King Motor responds that conditional delivery has been approved by the Florida legislature. See § 319.001(8), Fla. Stat. (defining "new motor vehicle" to include those where "legal title is not transferred but possession of a motor vehicle is transferred pursuant to a conditional sales contract or lease and the conditions are not satisfied and the vehicle is returned to the motor vehicle dealer"); § 320.60(1), Fla. Stat. (defining "motor vehicle" in substantially the same manner); § 520.02(14), Fla. Stat. (defining "retail installment contract" to include "a conditional sales contract and a contract for the bailment or leasing of a motor vehicle by which the bailee or lessee contracts to pay as compensation for its use a sum substantially equivalent to or in excess of its value and by which it is agreed that the bailee or lessee is bound to become, or for no further or a merely nominal consideration, has the option of becoming, the owner of the motor vehicle upon full compliance with the provisions of the contract.").
We reach the following conclusions. First, we do not reach King's TILA arguments because no TILA claims were raised in King's complaint. The claims in King's complaint were based solely on *623 state law. There is one citation to TILA in King's FMVRSFA count; however, this citation is not linked to any claim that it was improper for King Motor to have King execute two RISCs and a bailment agreement.

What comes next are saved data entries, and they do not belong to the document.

(* Let $X\subset\mathbb{R}$ with the Euclidean metric, and let $(X,T_1,\mu_1)$ and $(X,T_2,\mu_2)$ be two probability preserving systems which are both exponentially mixing for $BV$ against $L^\infty$. Let $(r_n)_n$ be a sequence of positive numbers and suppose there is a function $h:\mathbb{N}\to(0,\infty)$ with $h(n)\to\infty$ such that for all $n$ sufficiently large \[ \int \mu_1(B(y,r_n))\,d\mu_2(y) \ge \frac{(\log n)^2 h(n)}{n^2} \] and, for $i=1,2$, \[ \frac{\bigl(\int \mu_i(B(y,r_n))\,d\mu_i(y)\bigr)^{1/2}}{\int \mu_1(B(y,r_n))\,d\mu_2(y)} \le \frac{n}{(\log n)\,h(n)}. \] Then $(\mu_1\times\mu_2)\bigl(\limsup_n E_{n,r_n}^{T_1,T_2}\bigr)=1$.
   Context: A measure preserving system $(X,T,\mu)$ with $X\subset\mathbb{R}$ is exponentially mixing for $BV$ against $L^\infty$ if there are $C,\theta>0$ such that for all $\psi$ of bounded variation and all $\varphi\in L^\infty(\mu)$ and all $n\ge 0$, $\bigl|\int\psi\cdot\varphi\circ T^n\,d\mu-\int\psi\,d\mu\int\varphi\,d\mu\bigr|\le C\|\psi\|_{BV}\|\varphi\|_{L^\infty}e^{-\theta n}$. For $n\in\mathbb{N}$ and $r>0$, $E_{n,r}^{T_1,T_2}:=\{(x,y)\in X\times X : |T_1^i x- T_2^j y|<r \text{ for some } 0\le i,j<n\}$; $E_{n,r_n}^{T_1,T_2}$ denotes this set with $r=r_n$. $B(y,r)$ is the open ball of radius $r$ about $y$. *)

theory Defs
  imports "HOL-Probability.Probability"
begin

definition var_on :: "real set \<Rightarrow> (real \<Rightarrow> real) \<Rightarrow> ereal" where
  "var_on X \<psi> = (SUP p \<in> {(k, xs). (\<forall>i\<le>k. xs i \<in> X) \<and> (\<forall>i<k. xs i < xs (Suc i))}.
      ereal (\<Sum>i<fst p. \<bar>\<psi> (snd p (Suc i)) - \<psi> (snd p i)\<bar>))"

definition is_BV_on :: "real set \<Rightarrow> (real \<Rightarrow> real) \<Rightarrow> bool" where
  "is_BV_on X \<psi> \<longleftrightarrow> var_on X \<psi> < \<infinity> \<and> bdd_above ((\<lambda>x. \<bar>\<psi> x\<bar>) ` X)"

definition BV_norm :: "real set \<Rightarrow> (real \<Rightarrow> real) \<Rightarrow> real" where
  "BV_norm X \<psi> = real_of_ereal (var_on X \<psi>) + (SUP x \<in> X. \<bar>\<psi> x\<bar>)"

definition Linf_norm :: "'a measure \<Rightarrow> ('a \<Rightarrow> real) \<Rightarrow> real" where
  "Linf_norm M \<phi> = real_of_ereal (esssup M (\<lambda>x. ereal \<bar>\<phi> x\<bar>))"

definition exp_mixing_BV_Linf :: "real measure \<Rightarrow> (real \<Rightarrow> real) \<Rightarrow> bool" where
  "exp_mixing_BV_Linf M T \<longleftrightarrow>
     (\<exists>C \<theta>::real. C > 0 \<and> \<theta> > 0 \<and>
       (\<forall>\<psi> \<phi> (n::nat). \<psi> \<in> borel_measurable M \<longrightarrow> is_BV_on (space M) \<psi> \<longrightarrow>
          \<phi> \<in> borel_measurable M \<longrightarrow> esssup M (\<lambda>x. ereal \<bar>\<phi> x\<bar>) < \<infinity> \<longrightarrow>
          \<bar>(\<integral>x. \<psi> x * \<phi> ((T ^^ n) x) \<partial>M) - (\<integral>x. \<psi> x \<partial>M) * (\<integral>x. \<phi> x \<partial>M)\<bar>
            \<le> C * BV_norm (space M) \<psi> * Linf_norm M \<phi> * exp (- \<theta> * real n)))"

definition E_set :: "real set \<Rightarrow> (real \<Rightarrow> real) \<Rightarrow> (real \<Rightarrow> real) \<Rightarrow> nat \<Rightarrow> real \<Rightarrow> (real \<times> real) set" where
  "E_set X T1 T2 n r = {(x, y). x \<in> X \<and> y \<in> X \<and>
      (\<exists>i<n. \<exists>j<n. \<bar>(T1 ^^ i) x - (T2 ^^ j) y\<bar> < r)}"

end

theory Submission
  imports Defs
begin

(*
  Second moment method. Let Z_n(x, y) count the pairs i, j < n with |T1^i x - T2^j y| < r_n, so
  that E_{n,r_n} = {Z_n > 0}, and let m_n = \<integral> \<mu>1(B(y, r_n)) d\<mu>2(y). By invariance, E Z_n = n^2 m_n.
  Expand E Z_n^2 over quadruples (i, j, i', j'). If |i - i'| \<ge> L and |j - j'| \<ge> L, mixing of T1
  (applied to indicators of balls) and then mixing of T2 (applied to y \<mapsto> \<mu>1(B(y, r_n)), a function
  of variation at most 2) bound the term by m_n^2 + 2 C e^(-\<theta> L). If only one index pair is
  L-separated, the missing factor is controlled by \<mu>(B(a, r)) \<le> 2 (\<integral> \<mu>(B(y, r)) d\<mu>)^(1/2): the ball
  is covered by two sets of diameter less than r, and \<mu>(A)^2 \<le> \<integral> \<mu>(B(y, r)) d\<mu> for such a set A.
  The O(n^2 L^2) remaining quadruples contribute at most m_n each. Taking L \<approx> (4/\<theta>) log n,
  Chebyshev's inequality gives (\<mu>1 \<times> \<mu>2)(Z_n = 0) = O(1/h(n)), so the probabilities of
  E_{n,r_n} tend to 1, and then their limsup has full measure.
*)

lemma measurable_funpow: "T \<in> measurable M M \<Longrightarrow> T ^^ i \<in> measurable M M"
  by (induction i) auto

lemma distr_funpow_eq:
  assumes "T \<in> measurable M M" and "distr M M T = M"
  shows "distr M M (T ^^ i) = M"
proof (induction i)
  case 0
  then show ?case by (simp add: distr_id2 id_def)
next
  case (Suc i)
  have "distr M M (T ^^ Suc i) = distr (distr M M (T ^^ i)) M T"
    using distr_distr[OF assms(1) measurable_funpow[OF assms(1)], of i] by (simp add: comp_def)
  then show ?case using Suc assms by (simp add: o_def)
qed

lemma integral_funpow_eq:
  fixes g :: "'a \<Rightarrow> real"
  assumes "T \<in> measurable M M" and "distr M M T = M" and "g \<in> borel_measurable M"
  shows "(\<integral>x. g ((T ^^ i) x) \<partial>M) = (\<integral>x. g x \<partial>M)"
  using integral_distr[OF measurable_funpow[OF assms(1)] assms(3), of i] distr_funpow_eq[OF assms(1,2)]
  by simp

section \<open>Test functions of bounded variation\<close>

lemma var_on_nonneg: "X \<noteq> {} \<Longrightarrow> 0 \<le> var_on X \<psi>"
  unfolding var_on_def
  by (rule SUP_upper2[where i="(0, \<lambda>_. SOME x. x \<in> X)"]) (auto simp: some_in_eq)

lemma var_on_diff_mono_le_2:
  assumes "mono G" and "mono H" and "\<And>u. G u \<in> {0..1}" and "\<And>u. H u \<in> {0..1}"
  shows "var_on X (\<lambda>u. G u - H u) \<le> 2"
  unfolding var_on_def
proof (rule SUP_least, clarsimp)
  fix k and xs :: "nat \<Rightarrow> real"
  assume "\<forall>i<k. xs i < xs (Suc i)"
  then have steps: "G (xs i) \<le> G (xs (Suc i)) \<and> H (xs i) \<le> H (xs (Suc i))" if "i < k" for i
    using that assms(1,2) by (auto simp: mono_def less_imp_le)
  have "(\<Sum>i<k. \<bar>G (xs (Suc i)) - H (xs (Suc i)) - (G (xs i) - H (xs i))\<bar>)
      \<le> (\<Sum>i<k. (G (xs (Suc i)) - G (xs i)) + (H (xs (Suc i)) - H (xs i)))"
    using steps by (intro sum_mono) fastforce
  also have "\<dots> = (G (xs k) - G (xs 0)) + (H (xs k) - H (xs 0))"
    by (simp add: sum.distrib sum_lessThan_telescope[of "\<lambda>i. G (xs i)"]
        sum_lessThan_telescope[of "\<lambda>i. H (xs i)"])
  also have "\<dots> \<le> 2"
    using assms(3)[of "xs k"] assms(3)[of "xs 0"] assms(4)[of "xs k"] assms(4)[of "xs 0"] by auto
  finally show "(\<Sum>i<k. \<bar>G (xs (Suc i)) - H (xs (Suc i)) - (G (xs i) - H (xs i))\<bar>) \<le> 2" .
qed

(* Indicators of balls and the functions y \<mapsto> \<mu>(B(y, r)) are such test functions. Their BV norm
   is at most 3 and their L\<^sup>\<infinity> norm at most 1, so mixing holds for them with a uniform constant. *)
definition BV_test :: "real set \<Rightarrow> (real \<Rightarrow> real) \<Rightarrow> bool" where
  "BV_test X \<psi> \<longleftrightarrow> \<psi> \<in> borel_measurable borel \<and> (\<forall>u. \<psi> u \<in> {0..1}) \<and> var_on X \<psi> \<le> 2"

lemma BV_test_BV_norm:
  assumes "X \<noteq> {}" and "BV_test X \<psi>"
  shows "is_BV_on X \<psi>" and "0 \<le> BV_norm X \<psi>" and "BV_norm X \<psi> \<le> 3"
proof -
  have var: "var_on X \<psi> \<le> 2" and range: "\<And>u. \<psi> u \<in> {0..1}"
    using assms(2) unfolding BV_test_def by auto
  have bdd: "bdd_above ((\<lambda>x. \<bar>\<psi> x\<bar>) ` X)"
    using range by (auto intro!: bdd_aboveI[where M=1])
  show "is_BV_on X \<psi>"
    unfolding is_BV_on_def using var bdd by (auto simp: order_le_less_trans)
  have "0 \<le> real_of_ereal (var_on X \<psi>)" "real_of_ereal (var_on X \<psi>) \<le> 2"
    using var var_on_nonneg[OF assms(1), of \<psi>] by (cases "var_on X \<psi>"; auto)+
  moreover have "(SUP x\<in>X. \<bar>\<psi> x\<bar>) \<le> 1"
    using assms(1) range by (intro cSUP_least) auto
  moreover obtain x0 where "x0 \<in> X" using assms(1) by auto
  then have "0 \<le> (SUP x\<in>X. \<bar>\<psi> x\<bar>)"
    using cSUP_upper[OF _ bdd] by (meson abs_ge_zero order_trans)
  ultimately show "0 \<le> BV_norm X \<psi>" and "BV_norm X \<psi> \<le> 3"
    unfolding BV_norm_def by auto
qed

lemma BV_test_indicator_ball:
  assumes "0 < r"
  shows "BV_test X (indicator (ball a r))"
proof -
  have "indicator (ball a r) = (\<lambda>u. of_bool (a - r < u) - of_bool (a + r \<le> u) :: real)"
    using assms by (auto simp: fun_eq_iff indicator_def ball_def dist_real_def)
  moreover have "var_on X (\<lambda>u. of_bool (a - r < u) - of_bool (a + r \<le> u)) \<le> 2"
    by (rule var_on_diff_mono_le_2) (auto simp: mono_def)
  ultimately show ?thesis
    unfolding BV_test_def using assms by (auto simp: indicator_def)
qed

lemma (in prob_space) Linf_norm_le_1:
  assumes "\<phi> \<in> borel_measurable M" and "\<And>u. \<bar>\<phi> u\<bar> \<le> 1"
  shows "esssup M (\<lambda>x. ereal \<bar>\<phi> x\<bar>) \<le> 1" and "Linf_norm M \<phi> \<le> 1"
proof -
  show ess: "esssup M (\<lambda>x. ereal \<bar>\<phi> x\<bar>) \<le> 1"
    using assms by (intro esssup_I) auto
  then show "Linf_norm M \<phi> \<le> 1"
    unfolding Linf_norm_def by (cases "esssup M (\<lambda>x. ereal \<bar>\<phi> x\<bar>)") auto
qed

definition decay_BV_test :: "real measure \<Rightarrow> (real \<Rightarrow> real) \<Rightarrow> real set \<Rightarrow> real \<Rightarrow> real \<Rightarrow> bool" where
  "decay_BV_test M T X C \<theta> \<longleftrightarrow> (\<forall>\<psi> \<phi> k. BV_test X \<psi> \<longrightarrow> BV_test X \<phi> \<longrightarrow>
     \<bar>(\<integral>x. \<psi> x * \<phi> ((T ^^ k) x) \<partial>M) - (\<integral>x. \<psi> x \<partial>M) * (\<integral>x. \<phi> x \<partial>M)\<bar> \<le> C * exp (- \<theta> * real k))"

lemma decay_BV_test_nonneg:
  assumes "decay_BV_test M T X C \<theta>"
  shows "0 \<le> C"
proof -
  have "BV_test X (\<lambda>_. 0)"
    unfolding BV_test_def var_on_def by (auto intro: SUP_least)
  then have "\<bar>(\<integral>x. 0 * 0 \<partial>M) - (\<integral>x. 0 \<partial>M) * (\<integral>x. 0 \<partial>M)\<bar> \<le> C * exp (- \<theta> * real 0)"
    using assms unfolding decay_BV_test_def by blast
  then show ?thesis
    by simp
qed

Second, we do not find King's state law arguments on this point to be persuasive. This is because the statutes cited by King Motor, in addition to cases, at the very least contemplate the use of conditional sales contracts in the motor vehicle sales industry. See Dodge City, Inc. v. Byrne, 693 So.2d 1033, 1035 (Fla. 2d DCA 1997)(buyers simultaneously executed several documents including multiple RISCs, and the court concluded "[w]hen the contracts are read together, it is clear that the buyers agreed to return the vehicle to Dodge City if the dealership could not find financing with an outside lender."); Huskamp Motor Co. v. Hebden, 104 So.2d 96 (Fla. 3d DCA 1958)(motor vehicle sales contract indicated it was not valid until approved by a finance company, and the court concluded: "It would be difficult to rationalize a theory whereby the ownership of the Chevrolet [the trade-in vehicle] passed immediately to Huskamp and then, upon failure to obtain financing, reverted back to Murphy. By a very reading of the contract, it is clear that no obligation existed until a satisfactory financing arrangement was obtained."). As a result, we affirm.
AFFIRMED.
GUNTHER, STONE, and TAYLOR, JJ., concur.